> Exercise instructions
From the first line to the last, restate the data word for word.

————

(* Let $E$ be an arbitrary directed graph and $K$ a field with involution. The Leavitt path algebra $L_K(E)$ is positive definite if and only if $K$ is positive definite.
   Context: A directed graph $E=(E^0,E^1,s,r)$ has vertex set $E^0$, edge set $E^1$ (arbitrary cardinalities) and source/range maps $s,r:E^1\to E^0$. A vertex $v$ is regular if $s^{-1}(v)$ is nonempty and finite. For a field $K$, $L_K(E)$ is the free $K$-algebra on $E^0\cup E^1\cup\{e^*: e\in E^1\}$ modulo: $vw=\delta_{v,w}v$ for $v,w\in E^0$; $s(e)e=er(e)=e$; $r(e)e^*=e^*s(e)=e^*$; $e^*f=\delta_{e,f}r(e)$ for $e,f\in E^1$; $v=\sum_{e\in s^{-1}(v)}ee^*$ for every regular vertex $v$. If $K$ has an involution $k\mapsto k^*$ (e.g. the identity), $L_K(E)$ is a $*$-algebra via $(\sum k_ia_ib_i^* )^*=\sum k_i^*b_ia_i^*$ for paths $a_i,b_i$ (with $(e_1\cdots e_n)^*=e_n^*\cdots e_1^*$, $v^*=v$). A $*$-ring (or $*$-field) is positive definite if for all $n$ and $x_1,\dots,x_n$, $\sum_{i=1}^n x_ix_i^*=0$ implies $x_i=0$ for all $i$. *)

theory Defs
  imports Main
begin

text \<open>Generators of the free algebra: vertices, real edges, ghost edges (e^*).\<close>
datatype ('v, 'e) gen = Vx 'v | Ex 'e | Gx 'e

fun gstar :: "('v, 'e) gen \<Rightarrow> ('v, 'e) gen" where
  "gstar (Vx v) = Vx v"
| "gstar (Ex e) = Gx e"
| "gstar (Gx e) = Ex e"

text \<open>Elements of the (non-unital) free K-algebra on the generators are finitely
supported coefficient functions on nonempty words.\<close>
type_synonym ('v, 'e, 'k) fa = "('v, 'e) gen list \<Rightarrow> 'k"

definition gens :: "'v set \<Rightarrow> 'e set \<Rightarrow> ('v, 'e) gen set" where
  "gens V E1 = Vx ` V \<union> Ex ` E1 \<union> Gx ` E1"

definition fa_elems :: "'v set \<Rightarrow> 'e set \<Rightarrow> ('v, 'e, 'k::field) fa set" where
  "fa_elems V E1 = {p. finite {w. p w \<noteq> 0} \<and>
      (\<forall>w. p w \<noteq> 0 \<longrightarrow> w \<noteq> [] \<and> set w \<subseteq> gens V E1)}"

definition fa_zero :: "('v, 'e, 'k::field) fa" where
  "fa_zero = (\<lambda>w. 0)"

definition fa_add :: "('v, 'e, 'k::field) fa \<Rightarrow> ('v, 'e, 'k) fa \<Rightarrow> ('v, 'e, 'k) fa" where
  "fa_add p q = (\<lambda>w. p w + q w)"

definition fa_diff :: "('v, 'e, 'k::field) fa \<Rightarrow> ('v, 'e, 'k) fa \<Rightarrow> ('v, 'e, 'k) fa" where
  "fa_diff p q = (\<lambda>w. p w - q w)"

definition fa_smult :: "'k::field \<Rightarrow> ('v, 'e, 'k) fa \<Rightarrow> ('v, 'e, 'k) fa" where
  "fa_smult c p = (\<lambda>w. c * p w)"
section \<open>Weighted norms on finite bipartite graphs\<close>

definition graph_A_perp :: "'v set \<Rightarrow> ('v \<Rightarrow> 'v \<Rightarrow> bool) \<Rightarrow> ('v \<Rightarrow> 'c) \<Rightarrow> ('v \<Rightarrow> real)
      \<Rightarrow> ('v \<Rightarrow> 'e::real_normed_vector) \<Rightarrow> 'v \<Rightarrow> 'e" where
  "graph_A_perp V adj side m \<phi> = graph_A V adj m (\<lambda>v. \<phi> v - M_sides V side m \<phi> v)"

lemma bipartite_lambda_eq_Sup:
  "bipartite_lambda TYPE('e::real_normed_vector) V adj side m =
     Sup ((\<lambda>\<phi>::'v \<Rightarrow> 'e. wl2_norm V m (graph_A_perp V adj side m \<phi>)) ` {\<phi>. wl2_norm V m \<phi> \<le> 1})"
  unfolding bipartite_lambda_def graph_A_perp_def ..

lemma power2_wl2_norm:
  assumes "\<And>v. v \<in> V \<Longrightarrow> m v \<ge> 0"
  shows "(wl2_norm V m f)\<^sup>2 = (\<Sum>v\<in>V. m v * (norm (f v))\<^sup>2)"
proof -
  have "0 \<le> (\<Sum>v\<in>V. m v * (norm (f v))\<^sup>2)" by (intro sum_nonneg mult_nonneg_nonneg) (simp_all add: assms)
  then show ?thesis unfolding wl2_norm_def by simp
qed

lemma wl2_norm_nonneg:
  assumes "\<And>v. v \<in> V \<Longrightarrow> m v \<ge> 0"
  shows "wl2_norm V m f \<ge> 0"
  unfolding wl2_norm_def using assms by (simp add: sum_nonneg)

lemma wl2_norm_scaleR:
  assumes "\<And>v. v \<in> V \<Longrightarrow> m v \<ge> 0"
  shows "wl2_norm V m (\<lambda>v. a *\<^sub>R f v) = \<bar>a\<bar> * wl2_norm V m f"
proof -
  have "(\<Sum>v\<in>V. m v * (norm (a *\<^sub>R f v))\<^sup>2) = a\<^sup>2 * (\<Sum>v\<in>V. m v * (norm (f v))\<^sup>2)"
    by (simp add: sum_distrib_left power_mult_distrib algebra_simps)
  then show ?thesis unfolding wl2_norm_def by (simp add: real_sqrt_mult)
qed

lemma wl2_norm_eq_0_iff:
  assumes "finite V" "\<And>v. v \<in> V \<Longrightarrow> m v > 0"
  shows "wl2_norm V m f = 0 \<longleftrightarrow> (\<forall>v\<in>V. f v = 0)"
proof -
  have "wl2_norm V m f = 0 \<longleftrightarrow> (\<Sum>v\<in>V. m v * (norm (f v))\<^sup>2) = 0"
    using assms(2) unfolding wl2_norm_def by simp
  also have "\<dots> \<longleftrightarrow> (\<forall>v\<in>V. m v * (norm (f v))\<^sup>2 = 0)"
    using assms(1) by (rule sum_nonneg_eq_0_iff) (simp add: assms(2) less_imp_le)
  also have "\<dots> \<longleftrightarrow> (\<forall>v\<in>V. f v = 0)"
    using assms(2) by (auto dest: less_imp_neq[symmetric])
  finally show ?thesis .
qed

————

> Solution to the problem
(* Let $E$ be an arbitrary directed graph and $K$ a field with involution. The Leavitt path algebra $L_K(E)$ is positive definite if and only if $K$ is positive definite.
   Context: A directed graph $E=(E^0,E^1,s,r)$ has vertex set $E^0$, edge set $E^1$ (arbitrary cardinalities) and source/range maps $s,r:E^1\to E^0$. A vertex $v$ is regular if $s^{-1}(v)$ is nonempty and finite. For a field $K$, $L_K(E)$ is the free $K$-algebra on $E^0\cup E^1\cup\{e^*: e\in E^1\}$ modulo: $vw=\delta_{v,w}v$ for $v,w\in E^0$; $s(e)e=er(e)=e$; $r(e)e^*=e^*s(e)=e^*$; $e^*f=\delta_{e,f}r(e)$ for $e,f\in E^1$; $v=\sum_{e\in s^{-1}(v)}ee^*$ for every regular vertex $v$. If $K$ has an involution $k\mapsto k^*$ (e.g. the identity), $L_K(E)$ is a $*$-algebra via $(\sum k_ia_ib_i^* )^*=\sum k_i^*b_ia_i^*$ for paths $a_i,b_i$ (with $(e_1\cdots e_n)^*=e_n^*\cdots e_1^*$, $v^*=v$). A $*$-ring (or $*$-field) is positive definite if for all $n$ and $x_1,\dots,x_n$, $\sum_{i=1}^n x_ix_i^*=0$ implies $x_i=0$ for all $i$. *)

theory Defs
  imports Main
begin

text \<open>Generators of the free algebra: vertices, real edges, ghost edges (e^*).\<close>
datatype ('v, 'e) gen = Vx 'v | Ex 'e | Gx 'e

fun gstar :: "('v, 'e) gen \<Rightarrow> ('v, 'e) gen" where
  "gstar (Vx v) = Vx v"
| "gstar (Ex e) = Gx e"
| "gstar (Gx e) = Ex e"

text \<open>Elements of the (non-unital) free K-algebra on the generators are finitely
supported coefficient functions on nonempty words.\<close>
type_synonym ('v, 'e, 'k) fa = "('v, 'e) gen list \<Rightarrow> 'k"

definition gens :: "'v set \<Rightarrow> 'e set \<Rightarrow> ('v, 'e) gen set" where
  "gens V E1 = Vx ` V \<union> Ex ` E1 \<union> Gx ` E1"

definition fa_elems :: "'v set \<Rightarrow> 'e set \<Rightarrow> ('v, 'e, 'k::field) fa set" where
  "fa_elems V E1 = {p. finite {w. p w \<noteq> 0} \<and>
      (\<forall>w. p w \<noteq> 0 \<longrightarrow> w \<noteq> [] \<and> set w \<subseteq> gens V E1)}"

definition fa_zero :: "('v, 'e, 'k::field) fa" where
  "fa_zero = (\<lambda>w. 0)"

definition fa_add :: "('v, 'e, 'k::field) fa \<Rightarrow> ('v, 'e, 'k) fa \<Rightarrow> ('v, 'e, 'k) fa" where
  "fa_add p q = (\<lambda>w. p w + q w)"

definition fa_diff :: "('v, 'e, 'k::field) fa \<Rightarrow> ('v, 'e, 'k) fa \<Rightarrow> ('v, 'e, 'k) fa" where
  "fa_diff p q = (\<lambda>w. p w - q w)"

definition fa_smult :: "'k::field \<Rightarrow> ('v, 'e, 'k) fa \<Rightarrow> ('v, 'e, 'k) fa" where
  "fa_smult c p = (\<lambda>w. c * p w)"
section \<open>Weighted norms on finite bipartite graphs\<close>

definition graph_A_perp :: "'v set \<Rightarrow> ('v \<Rightarrow> 'v \<Rightarrow> bool) \<Rightarrow> ('v \<Rightarrow> 'c) \<Rightarrow> ('v \<Rightarrow> real)
      \<Rightarrow> ('v \<Rightarrow> 'e::real_normed_vector) \<Rightarrow> 'v \<Rightarrow> 'e" where
  "graph_A_perp V adj side m \<phi> = graph_A V adj m (\<lambda>v. \<phi> v - M_sides V side m \<phi> v)"

lemma bipartite_lambda_eq_Sup:
  "bipartite_lambda TYPE('e::real_normed_vector) V adj side m =
     Sup ((\<lambda>\<phi>::'v \<Rightarrow> 'e. wl2_norm V m (graph_A_perp V adj side m \<phi>)) ` {\<phi>. wl2_norm V m \<phi> \<le> 1})"
  unfolding bipartite_lambda_def graph_A_perp_def ..

lemma power2_wl2_norm:
  assumes "\<And>v. v \<in> V \<Longrightarrow> m v \<ge> 0"
  shows "(wl2_norm V m f)\<^sup>2 = (\<Sum>v\<in>V. m v * (norm (f v))\<^sup>2)"
proof -
  have "0 \<le> (\<Sum>v\<in>V. m v * (norm (f v))\<^sup>2)" by (intro sum_nonneg mult_nonneg_nonneg) (simp_all add: assms)
  then show ?thesis unfolding wl2_norm_def by simp
qed

lemma wl2_norm_nonneg:
  assumes "\<And>v. v \<in> V \<Longrightarrow> m v \<ge> 0"
  shows "wl2_norm V m f \<ge> 0"
  unfolding wl2_norm_def using assms by (simp add: sum_nonneg)

lemma wl2_norm_scaleR:
  assumes "\<And>v. v \<in> V \<Longrightarrow> m v \<ge> 0"
  shows "wl2_norm V m (\<lambda>v. a *\<^sub>R f v) = \<bar>a\<bar> * wl2_norm V m f"
proof -
  have "(\<Sum>v\<in>V. m v * (norm (a *\<^sub>R f v))\<^sup>2) = a\<^sup>2 * (\<Sum>v\<in>V. m v * (norm (f v))\<^sup>2)"
    by (simp add: sum_distrib_left power_mult_distrib algebra_simps)
  then show ?thesis unfolding wl2_norm_def by (simp add: real_sqrt_mult)
qed

lemma wl2_norm_eq_0_iff:
  assumes "finite V" "\<And>v. v \<in> V \<Longrightarrow> m v > 0"
  shows "wl2_norm V m f = 0 \<longleftrightarrow> (\<forall>v\<in>V. f v = 0)"
proof -
  have "wl2_norm V m f = 0 \<longleftrightarrow> (\<Sum>v\<in>V. m v * (norm (f v))\<^sup>2) = 0"
    using assms(2) unfolding wl2_norm_def by simp
  also have "\<dots> \<longleftrightarrow> (\<forall>v\<in>V. m v * (norm (f v))\<^sup>2 = 0)"
    using assms(1) by (rule sum_nonneg_eq_0_iff) (simp add: assms(2) less_imp_le)
  also have "\<dots> \<longleftrightarrow> (\<forall>v\<in>V. f v = 0)"
    using assms(2) by (auto dest: less_imp_neq[symmetric])
  finally show ?thesis .
qed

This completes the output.